======== Provided records

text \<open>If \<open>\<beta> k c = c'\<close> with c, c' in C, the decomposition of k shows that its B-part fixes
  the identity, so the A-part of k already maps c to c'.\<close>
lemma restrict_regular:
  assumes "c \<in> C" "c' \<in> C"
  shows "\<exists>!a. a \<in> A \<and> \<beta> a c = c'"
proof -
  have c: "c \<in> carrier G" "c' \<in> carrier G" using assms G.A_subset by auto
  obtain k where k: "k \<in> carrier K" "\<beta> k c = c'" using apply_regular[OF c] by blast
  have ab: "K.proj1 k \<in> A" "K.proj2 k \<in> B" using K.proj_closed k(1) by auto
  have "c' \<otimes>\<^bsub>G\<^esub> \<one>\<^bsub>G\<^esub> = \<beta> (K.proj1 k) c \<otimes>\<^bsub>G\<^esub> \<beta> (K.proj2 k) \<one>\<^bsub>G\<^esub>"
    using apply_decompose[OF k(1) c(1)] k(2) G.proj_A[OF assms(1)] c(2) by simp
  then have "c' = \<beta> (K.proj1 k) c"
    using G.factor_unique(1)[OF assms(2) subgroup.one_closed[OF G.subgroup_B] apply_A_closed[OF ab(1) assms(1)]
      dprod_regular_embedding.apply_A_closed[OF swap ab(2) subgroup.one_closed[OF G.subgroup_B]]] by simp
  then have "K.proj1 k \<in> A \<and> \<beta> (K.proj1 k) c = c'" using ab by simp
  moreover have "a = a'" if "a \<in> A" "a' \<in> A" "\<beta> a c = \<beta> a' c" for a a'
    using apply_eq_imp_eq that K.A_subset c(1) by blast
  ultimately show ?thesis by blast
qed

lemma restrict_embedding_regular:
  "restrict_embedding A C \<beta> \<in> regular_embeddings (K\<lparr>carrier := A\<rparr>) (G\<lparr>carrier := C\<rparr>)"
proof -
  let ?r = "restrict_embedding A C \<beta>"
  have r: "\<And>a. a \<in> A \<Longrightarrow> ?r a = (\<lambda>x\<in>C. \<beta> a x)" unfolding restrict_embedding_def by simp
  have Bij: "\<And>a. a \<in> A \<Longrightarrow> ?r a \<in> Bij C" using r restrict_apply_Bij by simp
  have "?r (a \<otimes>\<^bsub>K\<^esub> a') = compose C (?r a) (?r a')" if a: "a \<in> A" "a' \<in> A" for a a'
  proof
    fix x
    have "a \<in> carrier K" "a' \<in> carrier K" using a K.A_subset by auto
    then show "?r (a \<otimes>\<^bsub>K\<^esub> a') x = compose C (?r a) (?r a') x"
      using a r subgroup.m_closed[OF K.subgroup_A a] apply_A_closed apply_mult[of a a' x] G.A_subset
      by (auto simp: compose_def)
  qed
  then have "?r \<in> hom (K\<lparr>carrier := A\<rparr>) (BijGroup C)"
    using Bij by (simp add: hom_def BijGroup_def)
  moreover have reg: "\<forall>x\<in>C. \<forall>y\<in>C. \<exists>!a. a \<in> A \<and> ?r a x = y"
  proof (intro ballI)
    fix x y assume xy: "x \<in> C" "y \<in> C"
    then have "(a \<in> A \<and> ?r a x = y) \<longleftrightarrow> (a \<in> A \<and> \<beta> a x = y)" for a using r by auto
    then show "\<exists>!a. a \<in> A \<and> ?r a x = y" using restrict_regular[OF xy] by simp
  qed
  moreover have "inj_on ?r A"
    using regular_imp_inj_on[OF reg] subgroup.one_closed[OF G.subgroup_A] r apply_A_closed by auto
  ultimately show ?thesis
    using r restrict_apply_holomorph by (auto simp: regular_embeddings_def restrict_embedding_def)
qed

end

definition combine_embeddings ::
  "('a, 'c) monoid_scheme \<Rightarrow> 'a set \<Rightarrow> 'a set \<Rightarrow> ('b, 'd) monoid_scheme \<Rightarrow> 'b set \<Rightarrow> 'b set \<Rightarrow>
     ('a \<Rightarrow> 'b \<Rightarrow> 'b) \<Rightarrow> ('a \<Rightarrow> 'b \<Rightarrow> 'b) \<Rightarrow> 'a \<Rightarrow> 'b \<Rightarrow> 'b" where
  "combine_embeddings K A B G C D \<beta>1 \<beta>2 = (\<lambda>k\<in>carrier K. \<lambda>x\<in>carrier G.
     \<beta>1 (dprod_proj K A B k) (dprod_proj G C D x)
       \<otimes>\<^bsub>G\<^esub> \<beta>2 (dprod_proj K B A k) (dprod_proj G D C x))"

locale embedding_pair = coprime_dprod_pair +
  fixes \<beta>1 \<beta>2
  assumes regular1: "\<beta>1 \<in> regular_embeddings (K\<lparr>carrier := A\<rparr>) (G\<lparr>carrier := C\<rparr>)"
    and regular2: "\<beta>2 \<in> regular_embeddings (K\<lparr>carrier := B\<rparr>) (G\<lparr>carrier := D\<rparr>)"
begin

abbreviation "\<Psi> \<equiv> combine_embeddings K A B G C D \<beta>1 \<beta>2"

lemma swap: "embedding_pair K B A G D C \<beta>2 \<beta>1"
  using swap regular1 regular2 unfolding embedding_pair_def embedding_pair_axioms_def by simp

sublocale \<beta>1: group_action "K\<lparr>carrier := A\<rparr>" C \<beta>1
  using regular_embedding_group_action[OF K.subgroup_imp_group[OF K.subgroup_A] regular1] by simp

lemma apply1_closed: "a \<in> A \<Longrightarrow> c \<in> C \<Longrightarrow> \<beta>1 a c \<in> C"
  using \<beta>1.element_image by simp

================
======== Provided records

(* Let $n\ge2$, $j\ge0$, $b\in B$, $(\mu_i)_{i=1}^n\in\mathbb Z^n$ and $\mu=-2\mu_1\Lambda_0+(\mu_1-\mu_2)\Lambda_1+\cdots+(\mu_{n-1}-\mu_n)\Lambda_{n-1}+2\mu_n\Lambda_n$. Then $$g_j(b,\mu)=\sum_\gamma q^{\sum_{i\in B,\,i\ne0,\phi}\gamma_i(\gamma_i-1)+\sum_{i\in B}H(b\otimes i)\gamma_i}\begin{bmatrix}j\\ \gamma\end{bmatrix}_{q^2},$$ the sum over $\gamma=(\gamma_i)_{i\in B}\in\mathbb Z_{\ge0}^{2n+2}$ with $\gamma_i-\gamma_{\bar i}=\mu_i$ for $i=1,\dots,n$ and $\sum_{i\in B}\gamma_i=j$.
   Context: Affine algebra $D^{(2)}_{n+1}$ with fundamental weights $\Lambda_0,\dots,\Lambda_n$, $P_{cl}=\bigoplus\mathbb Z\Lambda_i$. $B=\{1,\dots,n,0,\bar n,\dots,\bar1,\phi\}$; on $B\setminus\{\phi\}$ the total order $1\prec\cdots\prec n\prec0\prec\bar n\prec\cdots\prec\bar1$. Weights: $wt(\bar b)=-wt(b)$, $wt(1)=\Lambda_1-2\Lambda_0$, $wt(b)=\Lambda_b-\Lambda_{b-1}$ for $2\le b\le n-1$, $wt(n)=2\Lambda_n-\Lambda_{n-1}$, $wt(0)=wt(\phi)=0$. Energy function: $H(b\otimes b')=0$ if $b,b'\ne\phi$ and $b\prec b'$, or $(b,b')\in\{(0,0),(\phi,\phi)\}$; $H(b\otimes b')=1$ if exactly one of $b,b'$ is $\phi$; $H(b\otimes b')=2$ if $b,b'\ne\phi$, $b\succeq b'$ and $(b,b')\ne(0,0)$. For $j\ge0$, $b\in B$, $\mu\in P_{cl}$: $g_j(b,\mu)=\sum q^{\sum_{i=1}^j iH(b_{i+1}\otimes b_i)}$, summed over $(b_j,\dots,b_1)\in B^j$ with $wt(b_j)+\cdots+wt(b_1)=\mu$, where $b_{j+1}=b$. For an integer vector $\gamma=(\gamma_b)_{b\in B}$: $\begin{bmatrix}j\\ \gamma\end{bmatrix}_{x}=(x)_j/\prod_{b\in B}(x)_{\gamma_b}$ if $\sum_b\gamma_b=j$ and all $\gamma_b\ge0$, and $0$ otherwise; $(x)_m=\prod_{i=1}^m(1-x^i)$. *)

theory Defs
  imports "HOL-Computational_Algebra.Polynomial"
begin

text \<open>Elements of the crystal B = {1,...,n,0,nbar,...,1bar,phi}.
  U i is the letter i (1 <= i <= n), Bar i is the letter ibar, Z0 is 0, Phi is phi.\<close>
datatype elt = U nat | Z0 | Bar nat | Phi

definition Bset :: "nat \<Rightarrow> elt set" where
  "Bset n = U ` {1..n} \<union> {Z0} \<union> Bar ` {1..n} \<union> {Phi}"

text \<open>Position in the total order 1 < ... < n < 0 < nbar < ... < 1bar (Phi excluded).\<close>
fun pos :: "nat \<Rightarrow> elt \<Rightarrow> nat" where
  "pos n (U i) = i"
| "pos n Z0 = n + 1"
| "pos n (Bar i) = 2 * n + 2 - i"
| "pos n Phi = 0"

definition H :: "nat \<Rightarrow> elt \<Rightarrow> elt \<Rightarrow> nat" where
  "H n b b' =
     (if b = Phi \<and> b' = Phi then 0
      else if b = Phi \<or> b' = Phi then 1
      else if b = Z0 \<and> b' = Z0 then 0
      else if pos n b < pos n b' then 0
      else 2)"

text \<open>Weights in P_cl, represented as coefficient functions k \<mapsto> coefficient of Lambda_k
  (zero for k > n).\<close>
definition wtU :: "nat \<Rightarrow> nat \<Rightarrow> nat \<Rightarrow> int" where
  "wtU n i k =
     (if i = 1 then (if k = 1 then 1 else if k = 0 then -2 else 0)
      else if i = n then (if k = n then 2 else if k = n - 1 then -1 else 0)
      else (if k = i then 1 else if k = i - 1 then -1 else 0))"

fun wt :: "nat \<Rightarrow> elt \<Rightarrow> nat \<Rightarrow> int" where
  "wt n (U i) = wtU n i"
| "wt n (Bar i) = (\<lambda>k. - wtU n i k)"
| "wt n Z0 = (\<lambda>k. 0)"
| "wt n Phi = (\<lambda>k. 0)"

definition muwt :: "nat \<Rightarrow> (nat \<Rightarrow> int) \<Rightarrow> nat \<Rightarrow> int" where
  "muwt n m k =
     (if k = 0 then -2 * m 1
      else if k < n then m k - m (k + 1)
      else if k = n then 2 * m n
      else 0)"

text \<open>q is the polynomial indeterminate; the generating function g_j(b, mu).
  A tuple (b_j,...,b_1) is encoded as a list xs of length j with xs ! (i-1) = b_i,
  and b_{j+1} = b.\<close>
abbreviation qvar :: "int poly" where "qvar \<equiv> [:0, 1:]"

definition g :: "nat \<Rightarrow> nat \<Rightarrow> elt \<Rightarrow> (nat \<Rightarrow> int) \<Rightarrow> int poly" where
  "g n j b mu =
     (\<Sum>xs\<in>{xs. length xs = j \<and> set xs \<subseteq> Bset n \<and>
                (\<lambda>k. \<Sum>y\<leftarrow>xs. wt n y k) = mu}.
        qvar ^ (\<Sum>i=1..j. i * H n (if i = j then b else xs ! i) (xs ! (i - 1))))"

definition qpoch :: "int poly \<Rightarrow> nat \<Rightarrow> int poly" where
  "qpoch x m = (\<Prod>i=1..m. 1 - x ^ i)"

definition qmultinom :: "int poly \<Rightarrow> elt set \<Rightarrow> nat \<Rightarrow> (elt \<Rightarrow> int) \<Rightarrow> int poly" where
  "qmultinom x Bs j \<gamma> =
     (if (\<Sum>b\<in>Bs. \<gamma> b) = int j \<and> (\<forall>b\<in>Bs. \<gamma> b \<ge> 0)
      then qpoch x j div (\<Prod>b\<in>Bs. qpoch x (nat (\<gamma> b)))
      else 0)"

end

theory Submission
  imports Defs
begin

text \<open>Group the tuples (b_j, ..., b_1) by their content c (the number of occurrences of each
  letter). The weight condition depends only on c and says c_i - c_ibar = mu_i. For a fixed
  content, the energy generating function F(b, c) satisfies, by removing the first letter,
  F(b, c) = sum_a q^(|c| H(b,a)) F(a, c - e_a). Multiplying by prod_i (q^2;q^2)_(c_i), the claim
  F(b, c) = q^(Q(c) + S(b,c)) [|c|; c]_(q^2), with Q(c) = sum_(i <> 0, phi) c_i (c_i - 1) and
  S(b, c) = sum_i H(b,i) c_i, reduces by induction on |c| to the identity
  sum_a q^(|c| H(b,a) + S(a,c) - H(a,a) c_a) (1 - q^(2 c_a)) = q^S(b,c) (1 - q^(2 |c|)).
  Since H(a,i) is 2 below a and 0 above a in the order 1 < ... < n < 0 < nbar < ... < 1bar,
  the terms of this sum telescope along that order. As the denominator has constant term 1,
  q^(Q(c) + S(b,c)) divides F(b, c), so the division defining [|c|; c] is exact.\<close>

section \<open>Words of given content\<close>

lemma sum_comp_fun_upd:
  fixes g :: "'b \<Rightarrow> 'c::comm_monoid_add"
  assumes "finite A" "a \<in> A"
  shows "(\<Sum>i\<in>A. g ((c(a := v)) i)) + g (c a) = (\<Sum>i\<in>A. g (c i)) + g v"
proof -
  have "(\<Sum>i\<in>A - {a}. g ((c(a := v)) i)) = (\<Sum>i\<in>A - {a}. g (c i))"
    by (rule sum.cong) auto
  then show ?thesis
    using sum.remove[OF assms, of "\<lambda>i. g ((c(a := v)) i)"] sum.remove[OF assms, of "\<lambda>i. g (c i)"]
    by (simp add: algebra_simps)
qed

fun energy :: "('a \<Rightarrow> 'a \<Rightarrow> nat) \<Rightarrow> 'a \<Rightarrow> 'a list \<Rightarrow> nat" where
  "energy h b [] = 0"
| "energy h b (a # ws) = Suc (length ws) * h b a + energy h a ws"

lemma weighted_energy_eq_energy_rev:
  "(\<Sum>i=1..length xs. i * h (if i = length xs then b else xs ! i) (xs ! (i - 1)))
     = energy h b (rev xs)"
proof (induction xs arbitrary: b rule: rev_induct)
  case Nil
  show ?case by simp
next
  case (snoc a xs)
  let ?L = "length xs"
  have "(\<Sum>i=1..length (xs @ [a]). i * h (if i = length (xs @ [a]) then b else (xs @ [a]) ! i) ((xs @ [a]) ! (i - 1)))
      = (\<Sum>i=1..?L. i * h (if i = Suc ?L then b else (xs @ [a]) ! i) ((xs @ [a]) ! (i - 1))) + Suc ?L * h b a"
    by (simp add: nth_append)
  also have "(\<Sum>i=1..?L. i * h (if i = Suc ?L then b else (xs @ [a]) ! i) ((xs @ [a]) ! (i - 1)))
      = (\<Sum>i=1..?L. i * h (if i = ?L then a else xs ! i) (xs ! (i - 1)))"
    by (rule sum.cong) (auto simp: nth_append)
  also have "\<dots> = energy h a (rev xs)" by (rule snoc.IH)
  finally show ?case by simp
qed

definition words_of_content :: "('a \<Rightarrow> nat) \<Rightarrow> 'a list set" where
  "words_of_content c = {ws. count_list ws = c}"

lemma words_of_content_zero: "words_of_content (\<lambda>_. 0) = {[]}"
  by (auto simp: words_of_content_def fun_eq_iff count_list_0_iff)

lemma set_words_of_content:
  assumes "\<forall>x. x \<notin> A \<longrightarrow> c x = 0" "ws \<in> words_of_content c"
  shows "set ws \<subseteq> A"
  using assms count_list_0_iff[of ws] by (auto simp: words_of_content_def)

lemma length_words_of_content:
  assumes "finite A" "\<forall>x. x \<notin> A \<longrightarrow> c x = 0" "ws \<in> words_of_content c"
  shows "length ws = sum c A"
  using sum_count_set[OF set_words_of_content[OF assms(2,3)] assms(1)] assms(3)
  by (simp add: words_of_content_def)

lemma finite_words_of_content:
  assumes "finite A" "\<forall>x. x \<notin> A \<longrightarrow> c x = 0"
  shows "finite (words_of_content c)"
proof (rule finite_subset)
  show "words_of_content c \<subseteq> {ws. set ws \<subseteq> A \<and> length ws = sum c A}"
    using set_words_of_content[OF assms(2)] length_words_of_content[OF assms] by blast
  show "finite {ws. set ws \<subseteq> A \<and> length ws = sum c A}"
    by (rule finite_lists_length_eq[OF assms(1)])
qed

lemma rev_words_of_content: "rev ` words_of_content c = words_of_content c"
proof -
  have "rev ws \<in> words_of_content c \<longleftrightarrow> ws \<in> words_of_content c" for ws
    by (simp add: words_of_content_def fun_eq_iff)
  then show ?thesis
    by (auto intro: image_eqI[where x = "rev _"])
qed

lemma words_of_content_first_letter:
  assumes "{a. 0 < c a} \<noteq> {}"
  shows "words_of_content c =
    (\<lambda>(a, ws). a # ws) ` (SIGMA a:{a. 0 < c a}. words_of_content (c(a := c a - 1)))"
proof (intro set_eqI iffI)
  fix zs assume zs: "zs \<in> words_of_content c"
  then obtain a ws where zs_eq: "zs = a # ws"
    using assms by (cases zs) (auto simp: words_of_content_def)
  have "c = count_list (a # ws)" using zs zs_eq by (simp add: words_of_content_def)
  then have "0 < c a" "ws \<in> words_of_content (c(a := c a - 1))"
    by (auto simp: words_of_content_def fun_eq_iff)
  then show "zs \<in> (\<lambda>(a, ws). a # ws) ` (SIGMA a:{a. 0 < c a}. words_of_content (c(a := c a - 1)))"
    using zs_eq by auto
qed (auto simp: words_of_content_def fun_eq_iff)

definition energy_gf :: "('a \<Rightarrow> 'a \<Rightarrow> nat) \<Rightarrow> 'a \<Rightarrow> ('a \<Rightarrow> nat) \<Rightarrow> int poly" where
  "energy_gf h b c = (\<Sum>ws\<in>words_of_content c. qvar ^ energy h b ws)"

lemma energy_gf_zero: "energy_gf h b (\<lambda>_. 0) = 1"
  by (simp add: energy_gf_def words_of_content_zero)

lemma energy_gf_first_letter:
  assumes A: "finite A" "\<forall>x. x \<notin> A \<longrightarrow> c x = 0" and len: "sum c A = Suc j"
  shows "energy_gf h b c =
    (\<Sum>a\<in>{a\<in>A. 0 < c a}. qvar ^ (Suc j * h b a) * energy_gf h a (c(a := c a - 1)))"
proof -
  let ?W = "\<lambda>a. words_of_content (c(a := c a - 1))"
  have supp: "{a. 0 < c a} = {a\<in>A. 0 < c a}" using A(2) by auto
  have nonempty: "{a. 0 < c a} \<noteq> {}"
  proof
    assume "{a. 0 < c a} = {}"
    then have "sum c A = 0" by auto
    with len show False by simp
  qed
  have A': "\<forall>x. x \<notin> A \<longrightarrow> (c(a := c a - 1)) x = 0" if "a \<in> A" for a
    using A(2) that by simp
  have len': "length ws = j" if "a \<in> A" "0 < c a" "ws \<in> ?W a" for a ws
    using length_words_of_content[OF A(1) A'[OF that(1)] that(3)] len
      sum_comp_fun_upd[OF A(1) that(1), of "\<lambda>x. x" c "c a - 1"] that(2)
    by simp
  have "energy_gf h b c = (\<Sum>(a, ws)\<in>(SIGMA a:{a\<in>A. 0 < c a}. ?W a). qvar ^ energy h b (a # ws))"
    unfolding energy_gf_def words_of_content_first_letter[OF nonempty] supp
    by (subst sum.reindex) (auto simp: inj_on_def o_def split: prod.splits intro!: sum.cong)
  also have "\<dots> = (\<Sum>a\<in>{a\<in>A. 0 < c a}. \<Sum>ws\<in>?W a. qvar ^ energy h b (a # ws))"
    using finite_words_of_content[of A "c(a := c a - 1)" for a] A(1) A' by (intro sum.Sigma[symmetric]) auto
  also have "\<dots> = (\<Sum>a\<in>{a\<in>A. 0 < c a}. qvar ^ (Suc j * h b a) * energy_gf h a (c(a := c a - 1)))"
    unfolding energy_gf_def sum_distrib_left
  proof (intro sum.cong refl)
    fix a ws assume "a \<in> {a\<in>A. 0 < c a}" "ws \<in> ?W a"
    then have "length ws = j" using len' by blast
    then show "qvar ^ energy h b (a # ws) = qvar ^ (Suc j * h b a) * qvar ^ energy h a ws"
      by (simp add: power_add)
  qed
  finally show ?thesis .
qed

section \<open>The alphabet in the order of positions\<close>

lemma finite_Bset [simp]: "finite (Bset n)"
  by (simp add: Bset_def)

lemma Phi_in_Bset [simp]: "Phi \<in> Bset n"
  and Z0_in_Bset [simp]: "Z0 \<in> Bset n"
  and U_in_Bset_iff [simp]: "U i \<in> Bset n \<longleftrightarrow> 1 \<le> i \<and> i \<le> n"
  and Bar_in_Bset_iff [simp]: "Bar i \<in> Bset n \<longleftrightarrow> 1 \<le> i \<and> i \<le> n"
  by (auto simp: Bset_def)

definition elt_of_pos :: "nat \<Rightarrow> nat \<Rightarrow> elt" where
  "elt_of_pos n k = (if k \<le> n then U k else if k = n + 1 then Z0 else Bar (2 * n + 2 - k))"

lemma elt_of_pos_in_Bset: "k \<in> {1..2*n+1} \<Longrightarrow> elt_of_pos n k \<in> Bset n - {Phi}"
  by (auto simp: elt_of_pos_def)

================
======== Provided records

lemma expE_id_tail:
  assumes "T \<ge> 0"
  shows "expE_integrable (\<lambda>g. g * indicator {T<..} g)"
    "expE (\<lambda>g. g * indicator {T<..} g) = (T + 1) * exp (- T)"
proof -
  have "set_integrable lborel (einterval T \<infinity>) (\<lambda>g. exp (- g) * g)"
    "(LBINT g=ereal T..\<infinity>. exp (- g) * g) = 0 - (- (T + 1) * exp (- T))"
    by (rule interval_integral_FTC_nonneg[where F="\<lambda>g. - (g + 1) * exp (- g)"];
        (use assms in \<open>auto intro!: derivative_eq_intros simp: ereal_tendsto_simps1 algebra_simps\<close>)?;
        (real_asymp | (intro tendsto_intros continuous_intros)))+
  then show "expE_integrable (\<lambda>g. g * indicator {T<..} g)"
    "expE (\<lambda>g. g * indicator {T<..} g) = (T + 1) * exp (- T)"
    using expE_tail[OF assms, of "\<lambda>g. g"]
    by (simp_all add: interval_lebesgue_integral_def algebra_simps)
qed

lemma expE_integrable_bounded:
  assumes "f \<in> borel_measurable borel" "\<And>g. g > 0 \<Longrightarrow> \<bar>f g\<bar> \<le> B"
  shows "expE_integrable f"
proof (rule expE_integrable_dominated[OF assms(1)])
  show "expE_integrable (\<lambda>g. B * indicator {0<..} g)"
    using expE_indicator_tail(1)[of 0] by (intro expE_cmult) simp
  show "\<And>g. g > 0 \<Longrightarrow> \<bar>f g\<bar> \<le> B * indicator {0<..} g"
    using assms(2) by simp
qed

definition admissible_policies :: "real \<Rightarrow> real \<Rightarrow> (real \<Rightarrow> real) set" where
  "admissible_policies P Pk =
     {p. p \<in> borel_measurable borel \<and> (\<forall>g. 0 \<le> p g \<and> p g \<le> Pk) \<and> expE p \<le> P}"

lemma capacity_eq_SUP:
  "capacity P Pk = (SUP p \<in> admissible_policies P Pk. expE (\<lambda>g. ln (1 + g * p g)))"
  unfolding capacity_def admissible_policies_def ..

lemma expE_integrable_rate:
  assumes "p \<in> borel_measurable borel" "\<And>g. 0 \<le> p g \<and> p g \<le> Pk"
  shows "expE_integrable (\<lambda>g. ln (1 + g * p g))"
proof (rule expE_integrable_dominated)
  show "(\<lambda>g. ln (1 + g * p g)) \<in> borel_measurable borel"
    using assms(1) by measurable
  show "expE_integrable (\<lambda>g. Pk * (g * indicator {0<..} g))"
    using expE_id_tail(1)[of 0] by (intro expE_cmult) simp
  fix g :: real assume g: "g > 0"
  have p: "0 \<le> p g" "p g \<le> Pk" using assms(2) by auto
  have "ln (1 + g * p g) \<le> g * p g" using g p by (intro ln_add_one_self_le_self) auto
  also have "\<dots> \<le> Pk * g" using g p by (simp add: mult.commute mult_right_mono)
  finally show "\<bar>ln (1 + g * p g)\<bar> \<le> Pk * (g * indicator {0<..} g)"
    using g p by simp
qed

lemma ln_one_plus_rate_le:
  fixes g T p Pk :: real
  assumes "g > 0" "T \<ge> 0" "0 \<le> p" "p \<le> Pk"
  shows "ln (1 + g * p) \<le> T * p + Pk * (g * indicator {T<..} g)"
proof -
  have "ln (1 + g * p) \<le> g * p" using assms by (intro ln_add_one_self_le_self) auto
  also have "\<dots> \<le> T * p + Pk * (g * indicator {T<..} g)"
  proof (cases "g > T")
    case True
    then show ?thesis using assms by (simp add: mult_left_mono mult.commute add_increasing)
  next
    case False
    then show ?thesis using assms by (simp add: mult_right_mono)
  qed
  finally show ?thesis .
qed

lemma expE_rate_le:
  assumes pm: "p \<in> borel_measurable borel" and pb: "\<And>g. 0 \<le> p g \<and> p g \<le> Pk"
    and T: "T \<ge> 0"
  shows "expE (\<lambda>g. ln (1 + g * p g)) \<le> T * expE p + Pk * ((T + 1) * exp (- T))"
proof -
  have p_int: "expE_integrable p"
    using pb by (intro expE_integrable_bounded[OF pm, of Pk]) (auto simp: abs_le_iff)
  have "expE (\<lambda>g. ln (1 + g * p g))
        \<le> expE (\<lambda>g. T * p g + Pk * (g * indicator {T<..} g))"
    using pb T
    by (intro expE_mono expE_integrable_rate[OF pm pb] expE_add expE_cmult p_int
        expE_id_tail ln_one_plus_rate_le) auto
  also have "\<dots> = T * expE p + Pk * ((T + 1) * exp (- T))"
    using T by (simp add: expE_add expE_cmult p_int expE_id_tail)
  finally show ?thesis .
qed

================

* What you will do *
Only the lines above starting with the one with "(if i = 1 then" and going through the one with "(U i) = wtU" are to be copied, word for word and with both ends kept.

* Response below *
     (if i = 1 then (if k = 1 then 1 else if k = 0 then -2 else 0)
      else if i = n then (if k = n then 2 else if k = n - 1 then -1 else 0)
      else (if k = i then 1 else if k = i - 1 then -1 else 0))"

fun wt :: "nat \<Rightarrow> elt \<Rightarrow> nat \<Rightarrow> int" where
  "wt n (U i) = wtU n i"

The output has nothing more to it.